lemma Kp_imp_ramp:
  assumes "\<alpha> \<in> Kp n p" "1 \<le> p" "p \<le> n"
  obtains a k where "a \<in> {1..n-p+1}" "k \<in> {1..n-p+1}" "\<alpha> = ramp n p a k"
proof -
  obtain \<beta> where \<alpha>: "\<alpha> \<in> OCT n" and \<beta>: "\<beta> \<in> OCT n" and reg: "tmul (tmul \<alpha> \<beta>) \<alpha> = \<alpha>"
    and card: "card (Im n \<alpha>) = p"
    using assms(1) unfolding Kp_def RegOCT_def by auto
  define a where "a = \<alpha> 1"
  define k where "k = \<beta> a"
  have Im: "Im n \<alpha> = {a..a+p-1}"
    using Im_OCT_eq_interval[OF \<alpha>] card assms(2,3) unfolding a_def by simp arith
  have range: "Im n \<alpha> \<subseteq> {1..n}" "\<And>x. x \<in> {1..n} \<Longrightarrow> \<beta> x \<in> {1..n}"
    using \<alpha> \<beta> unfolding OCT_def Tn_def Im_def by auto
  have shift: "\<beta> (a + i) = k + i" if "i < p" for i
    using regular_inverse_shift[OF _ \<beta> reg Im that] \<alpha> unfolding k_def OCT_def by blast
  have slope: "\<alpha> (k + i) = a + i" if "i < p" for i
  proof -
    have "a + i \<in> \<alpha> ` {1..n}"
      using Im that unfolding Im_def by auto
    then obtain x where x: "a + i = \<alpha> x" by blast
    have "\<alpha> (\<beta> (\<alpha> x)) = \<alpha> x"
      using reg unfolding tmul_def by (metis comp_apply)
    then show ?thesis
      using shift[OF that] x by simp
  qed
  have "a \<in> {1..n-p+1}"
    using Im range(1) assms(2) by auto
  moreover have "k \<in> {1..n-p+1}"
  proof -
    have "a \<in> {1..n}" "a + (p - 1) \<in> {1..n}"
      using Im range(1) assms(2) by auto
    then have "1 \<le> \<beta> a" "\<beta> (a + (p - 1)) \<le> n"
      using range(2) atLeastAtMost_iff by blast+
    then show ?thesis
      using shift[of "p - 1"] assms(2) unfolding k_def by auto
  qed
  moreover have "\<alpha> = ramp n p a k"
    using order_preserving_eq_ramp[OF _ _ Im calculation(2) assms(2,3) slope] \<alpha>
    unfolding OCT_def by blast
  ultimately show ?thesis using that by blast
qed

lemma Kp_eq_ramps:
  assumes "1 \<le> p" "p \<le> n"
  shows "Kp n p = {ramp n p a k | a k. a \<in> {1..n-p+1} \<and> k \<in> {1..n-p+1}}"
  using Kp_imp_ramp[OF _ assms] ramp_in_Kp[OF _ _ assms] by blast

lemma tmul_ramp_ramp:
  assumes "a \<in> {1..n-p+1}" "1 \<le> p" "p \<le> n"
  shows "tmul (ramp n p a k) (ramp n p b a) = ramp n p b k"
  using assms unfolding tmul_def ramp_def by (auto simp: fun_eq_iff min_def)

lemma ramp_not_inj_on:
  assumes "a \<in> {1..n-p+1}" "l \<in> {1..n-p+1}" "a \<noteq> l" "2 \<le> p" "p \<le> n"
  shows "\<not> inj_on (ramp n p b l) {a..a+p-1}"
proof (cases "a < l")
  case True
  then have "ramp n p b l a = ramp n p b l (a + 1)"
    using assms unfolding ramp_def by auto
  then show ?thesis
    using assms(4) unfolding inj_on_def by fastforce
next
  case False
  then have "ramp n p b l (a + p - 2) = ramp n p b l (a + p - 1)"
    using assms unfolding ramp_def by auto
  then show ?thesis
    using assms(4) unfolding inj_on_def by fastforce
qed

lemma qmul_ramp_ramp:
  assumes "a \<in> {1..n-p+1}" "k \<in> {1..n-p+1}" "b \<in> {1..n-p+1}" "l \<in> {1..n-p+1}"
    and "2 \<le> p" "p \<le> n"
  shows "qmul n p (Some (ramp n p a k)) (Some (ramp n p b l))
    = (if a = l then Some (ramp n p b k) else None)"
proof (cases "a = l")
  case True
  then show ?thesis
    using tmul_ramp_ramp[of a n p k b] Im_ramp[of b n p k] assms by simp
next
  case False
  have "Im n (tmul (ramp n p a k) (ramp n p b l)) = ramp n p b l ` {a..a+p-1}"
    using Im_tmul Im_ramp[of a n p k] assms by simp
  moreover have "card (ramp n p b l ` {a..a+p-1}) \<noteq> p"
    using ramp_not_inj_on[OF assms(1,4) False assms(5,6)] assms(5)
      inj_on_iff_eq_card[of "{a..a+p-1}" "ramp n p b l"]
    by simp
  ultimately show ?thesis
    using False by simp
qed

lemma gen_least:
  assumes "B \<subseteq> S" "\<And>x y. x \<in> S \<Longrightarrow> y \<in> S \<Longrightarrow> qmul n p x y \<in> S"
  shows "gen n p B \<subseteq> S"
proof
  fix x assume "x \<in> gen n p B"
  then show "x \<in> S"
    by (induction rule: gen.induct) (use assms in auto)
qed

definition ramp_block :: "nat \<Rightarrow> nat \<Rightarrow> nat set \<Rightarrow> nat set \<Rightarrow> (nat \<Rightarrow> nat) option set" where
  "ramp_block n p I K = insert None (Some ` {ramp n p a k | a k. a \<in> I \<and> k \<in> K})"

lemma Qp_eq_ramp_block:
  assumes "1 \<le> p" "p \<le> n"
  shows "Qp n p = ramp_block n p {1..n-p+1} {1..n-p+1}"
  unfolding Qp_def ramp_block_def Kp_eq_ramps[OF assms] ..

lemma Some_ramp_in_ramp_block_iff:
  assumes "a \<in> {1..n-p+1}" "k \<in> {1..n-p+1}" "K \<subseteq> {1..n-p+1}" "2 \<le> p" "p \<le> n"
  shows "Some (ramp n p a k) \<in> ramp_block n p I K \<longleftrightarrow> a \<in> I \<and> k \<in> K"
proof
  assume "Some (ramp n p a k) \<in> ramp_block n p I K"
  then obtain b l where "b \<in> I" "l \<in> K" "ramp n p a k = ramp n p b l"
    unfolding ramp_block_def by auto
  moreover have "l \<in> {1..n-p+1}"
    using \<open>l \<in> K\<close> assms(3) by blast
  ultimately show "a \<in> I \<and> k \<in> K"
    using ramp_eq_iff[OF assms(2) _ assms(4,5)] by simp
qed (unfold ramp_block_def, blast)

lemma qmul_closed_ramp_block:
  assumes "I \<subseteq> {1..n-p+1}" "K \<subseteq> {1..n-p+1}" "2 \<le> p" "p \<le> n"
    and "x \<in> ramp_block n p I K" "y \<in> ramp_block n p I K"
  shows "qmul n p x y \<in> ramp_block n p I K"
proof (cases "x = None \<or> y = None")
  case True
  then show ?thesis by (cases x) (auto simp: ramp_block_def)
next
  case False
  then obtain a k b l where abkl: "a \<in> I" "k \<in> K" "b \<in> I" "l \<in> K"
    and xy: "x = Some (ramp n p a k)" "y = Some (ramp n p b l)"
    using assms(5,6) unfolding ramp_block_def by blast
  then have "qmul n p x y = (if a = l then Some (ramp n p b k) else None)"
    using qmul_ramp_ramp[of a n p k b l] assms(1-4) by blast
  then show ?thesis
    using abkl unfolding ramp_block_def by auto
qed

lemma gen_subset_ramp_block:
  assumes "B \<subseteq> ramp_block n p I K" "I \<subseteq> {1..n-p+1}" "K \<subseteq> {1..n-p+1}" "2 \<le> p" "p \<le> n"
  shows "gen n p B \<subseteq> ramp_block n p I K"
  using gen_least[OF assms(1)] qmul_closed_ramp_block[OF assms(2-5)] by blast

lemma R_eta_eq:
  assumes "1 \<le> p" "p \<le> n"
  shows "R_eta n p = {ramp n p 1 k | k. k \<in> {1..n-p+1}}"
proof -
  have "Im n (eta n p) = {1..p}"
    using Im_ramp[of 1 n p "n - p + 1"] eta_eq_ramp assms by simp
  moreover have "Im n (ramp n p a k) = {1..p} \<longleftrightarrow> a = 1"
    if "a \<in> {1..n-p+1}" "k \<in> {1..n-p+1}" for a k
    using Im_ramp[OF that assms] assms by auto
  ultimately show ?thesis
    unfolding R_eta_def Kp_eq_ramps[OF assms] by auto
qed

lemma L_delta_eq:
  assumes "2 \<le> p" "p \<le> n"
  shows "L_delta n p = {ramp n p a 1 | a. a \<in> {1..n-p+1}}"
proof -
  have "ker n (ramp n p a k) = ker n (delta n p) \<longleftrightarrow> k = 1" if "k \<in> {1..n-p+1}" for a k
    using ker_ramp_eq_iff[OF that _ assms] delta_eq_ramp assms by simp
  moreover have "1 \<le> p" using assms(1) by simp
  ultimately show ?thesis
    unfolding L_delta_def using Kp_eq_ramps[of p n] assms(2) by auto
qed

definition ramp_axes :: "nat \<Rightarrow> nat \<Rightarrow> (nat \<Rightarrow> nat) set" where
  "ramp_axes n p = {ramp n p a k | a k. a \<in> {1..n-p+1} \<and> k \<in> {1..n-p+1} \<and> (a = 1) \<noteq> (k = 1)}"

lemma generators_eq_ramp_axes:
  assumes "2 \<le> p" "p \<le> n"
  shows "(R_eta n p \<union> L_delta n p) - {delta n p} = ramp_axes n p"
proof -
  have p: "1 \<le> p" using assms(1) by simp
  have "ramp n p a k \<noteq> ramp n p 1 1 \<longleftrightarrow> a \<noteq> 1 \<or> k \<noteq> 1"
    if "k \<in> {1..n-p+1}" for a k
    using ramp_eq_iff[OF that _ assms, of 1 a 1] assms by simp
  then show ?thesis
    unfolding R_eta_eq[OF p assms(2)] L_delta_eq[OF assms] ramp_axes_def delta_eq_ramp[OF p assms(2)]
    by (auto 4 3)
qed

lemma gen_ramp_axes:
  assumes "2 \<le> p" "p < n"
  shows "gen n p (Some ` ramp_axes n p) = ramp_block n p {1..n-p+1} {1..n-p+1}"
    (is "gen n p ?A = ramp_block n p ?P ?P")
proof
  show "gen n p ?A \<subseteq> ramp_block n p ?P ?P"
    using gen_subset_ramp_block[of ?A n p ?P ?P] assms
    unfolding ramp_axes_def ramp_block_def by auto
next
  have P: "1 \<in> ?P" "2 \<in> ?P" and p: "2 \<le> p" "p \<le> n"
    using assms by auto
  have prod: "qmul n p (Some (ramp n p a k)) (Some (ramp n p b l))
      = (if a = l then Some (ramp n p b k) else None)"
    if "a \<in> ?P" "k \<in> ?P" "b \<in> ?P" "l \<in> ?P" for a k b l
    using qmul_ramp_ramp[OF that p] .
  have generator_in_gen: "Some (ramp n p a k) \<in> gen n p ?A"
    if "a \<in> ?P" "k \<in> ?P" "(a = 1) \<noteq> (k = 1)" for a k
  proof -
    have "ramp n p a k \<in> ramp_axes n p"
      using that unfolding ramp_axes_def by blast
    then show ?thesis by (blast intro: gen.base)
  qed
  have row_or_column_in_gen: "Some (ramp n p a k) \<in> gen n p ?A"
    if "a \<in> ?P" "k \<in> ?P" "a = 1 \<or> k = 1" for a k
  proof (cases "a = 1 \<and> k = 1")
    case True
    from gen.mul[OF generator_in_gen[of 2 1] generator_in_gen[of 1 2]] show ?thesis
      using True prod[of 2 1 1 2] P by simp
  next
    case False
    then show ?thesis
      using generator_in_gen that by blast
  qed
  show "ramp_block n p ?P ?P \<subseteq> gen n p ?A"
  proof
    fix x assume "x \<in> ramp_block n p ?P ?P"
    then consider "x = None" | a k where "a \<in> ?P" "k \<in> ?P" "x = Some (ramp n p a k)"
      unfolding ramp_block_def by blast
    then show "x \<in> gen n p ?A"
    proof cases
      case 1
      show ?thesis
        using gen.mul[OF row_or_column_in_gen[of 1 2] row_or_column_in_gen[of 1 2]] prod[of 1 2 1 2] P 1 by simp
    next
      case 2
      show ?thesis
        using gen.mul[OF row_or_column_in_gen[of 1 k] row_or_column_in_gen[of a 1]] prod[of 1 k a 1] P 2 by simp
    qed
  qed
qed

lemma gen_ramp_axes_minimal:
  assumes "B \<subset> Some ` ramp_axes n p" "2 \<le> p" "p \<le> n"
  shows "gen n p B \<noteq> ramp_block n p {1..n-p+1} {1..n-p+1}"
    (is "_ \<noteq> ramp_block n p ?P ?P")
proof -
  obtain a0 k0 where x: "a0 \<in> ?P" "k0 \<in> ?P" "(a0 = 1) \<noteq> (k0 = 1)" "Some (ramp n p a0 k0) \<notin> B"
    using assms(1) unfolding ramp_axes_def by blast
  have B: "\<exists>a k. a \<in> ?P \<and> k \<in> ?P \<and> (a = 1) \<noteq> (k = 1) \<and> y = Some (ramp n p a k)"
    if "y \<in> B" for y
    using assms(1) that unfolding ramp_axes_def by blast
  obtain I K where IK: "I \<subseteq> ?P" "K \<subseteq> ?P" "B \<subseteq> ramp_block n p I K" "\<not> (a0 \<in> I \<and> k0 \<in> K)"
  proof (cases "a0 = 1")
    case True
    have "B \<subseteq> ramp_block n p ?P (?P - {k0})"
    proof
      fix y assume "y \<in> B"
      with B obtain a k where "a \<in> ?P" "k \<in> ?P" "(a = 1) \<noteq> (k = 1)" "y = Some (ramp n p a k)"
        by blast
      moreover have "k \<noteq> k0"
        using calculation True x \<open>y \<in> B\<close> by auto
      ultimately show "y \<in> ramp_block n p ?P (?P - {k0})"
        unfolding ramp_block_def by blast
    qed
    then show ?thesis using that[of ?P "?P - {k0}"] by blast
  next
    case False
    have "B \<subseteq> ramp_block n p (?P - {a0}) ?P"
    proof
      fix y assume "y \<in> B"
      with B obtain a k where "a \<in> ?P" "k \<in> ?P" "(a = 1) \<noteq> (k = 1)" "y = Some (ramp n p a k)"
        by blast
      moreover have "a \<noteq> a0"
        using calculation False x \<open>y \<in> B\<close> by auto
      ultimately show "y \<in> ramp_block n p (?P - {a0}) ?P"
        unfolding ramp_block_def by blast
    qed
    then show ?thesis using that[of "?P - {a0}" ?P] by blast
  qed
  have "gen n p B \<subseteq> ramp_block n p I K"
    using gen_subset_ramp_block[OF IK(3,1,2) assms(2,3)] .
  moreover have "Some (ramp n p a0 k0) \<notin> ramp_block n p I K"
    using Some_ramp_in_ramp_block_iff[OF x(1,2) IK(2) assms(2,3)] IK(4) by blast
  moreover have "Some (ramp n p a0 k0) \<in> ramp_block n p ?P ?P"
    using x(1,2) unfolding ramp_block_def by blast
  ultimately show ?thesis by blast
qed

theorem lemma8:
  fixes n p :: nat
  assumes "n \<ge> 4" and "2 \<le> p" and "p \<le> n - 1"
  defines "A \<equiv> Some ` ((R_eta n p \<union> L_delta n p) - {delta n p})"
  shows "gen n p A = Qp n p \<and> (\<forall>B. B \<subset> A \<longrightarrow> gen n p B \<noteq> Qp n p)"
proof -
  have p: "2 \<le> p" "p < n"
    using assms(2,3) by auto
  have A: "A = Some ` ramp_axes n p"
    unfolding A_def generators_eq_ramp_axes[OF p(1) less_imp_le[OF p(2)]] ..
  have Q: "Qp n p = ramp_block n p {1..n-p+1} {1..n-p+1}"
    using Qp_eq_ramp_block p by simp
  show ?thesis
    unfolding A Q using gen_ramp_axes[OF p] gen_ramp_axes_minimal p by simp
qed

end
lemma derivation_Const_mult: "derivation n a (Const c * p) = Const c * derivation n a p"
  unfolding derivation_def by (simp only: pdiff_Const_mult sum_distrib_left mult.left_commute)

lemma pdiff_1: "pdiff i 1 = 0"
  by (rule poly_mapping_eqI) (simp add: lookup_pdiff lookup_one when_def add_single_nonzero add_single_nonzero[simplified])

lemma derivation_1: "derivation n a 1 = 0"
  unfolding derivation_def by (simp add: pdiff_1)

lemma polys_iff: "p \<in> polys n \<longleftrightarrow> (\<forall>m. Poly_Mapping.lookup p m \<noteq> 0 \<longrightarrow> Poly_Mapping.keys m \<subseteq> {..<n})"
  unfolding polys_def by (auto simp: in_keys_iff)

lemma polys_0 [simp]: "0 \<in> polys n"
  by (simp add: polys_def)

lemma polys_1 [simp]: "1 \<in> polys n"
  by (simp add: polys_def)

lemma polys_Var [simp]: "i < n \<Longrightarrow> Var i \<in> polys n"
  by (simp add: polys_def Var_def)

lemma polys_add [simp]: "p \<in> polys n \<Longrightarrow> q \<in> polys n \<Longrightarrow> p + q \<in> polys n"
  unfolding polys_iff by (metis add.right_neutral lookup_add)

lemma polys_diff [simp]: "p \<in> polys n \<Longrightarrow> q \<in> polys n \<Longrightarrow> p - q \<in> polys n"
  unfolding polys_iff by (metis diff_self lookup_minus)

lemma polys_mult [simp]: "p \<in> polys n \<Longrightarrow> q \<in> polys n \<Longrightarrow> p * q \<in> polys n"
  unfolding polys_def using keys_mult[of p q] by (force simp: keys_add_nat)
━━━━
*Work request*.
Every line above in which the word "ultimately" occurs needs to be copied.

*Your solution*.
  ultimately show ?thesis using that by blast
  ultimately show ?thesis
  ultimately show "a \<in> I \<and> k \<in> K"
  ultimately show ?thesis
  ultimately show ?thesis
      ultimately show "y \<in> ramp_block n p ?P (?P - {k0})"
      ultimately show "y \<in> ramp_block n p (?P - {a0}) ?P"
  ultimately show ?thesis by blast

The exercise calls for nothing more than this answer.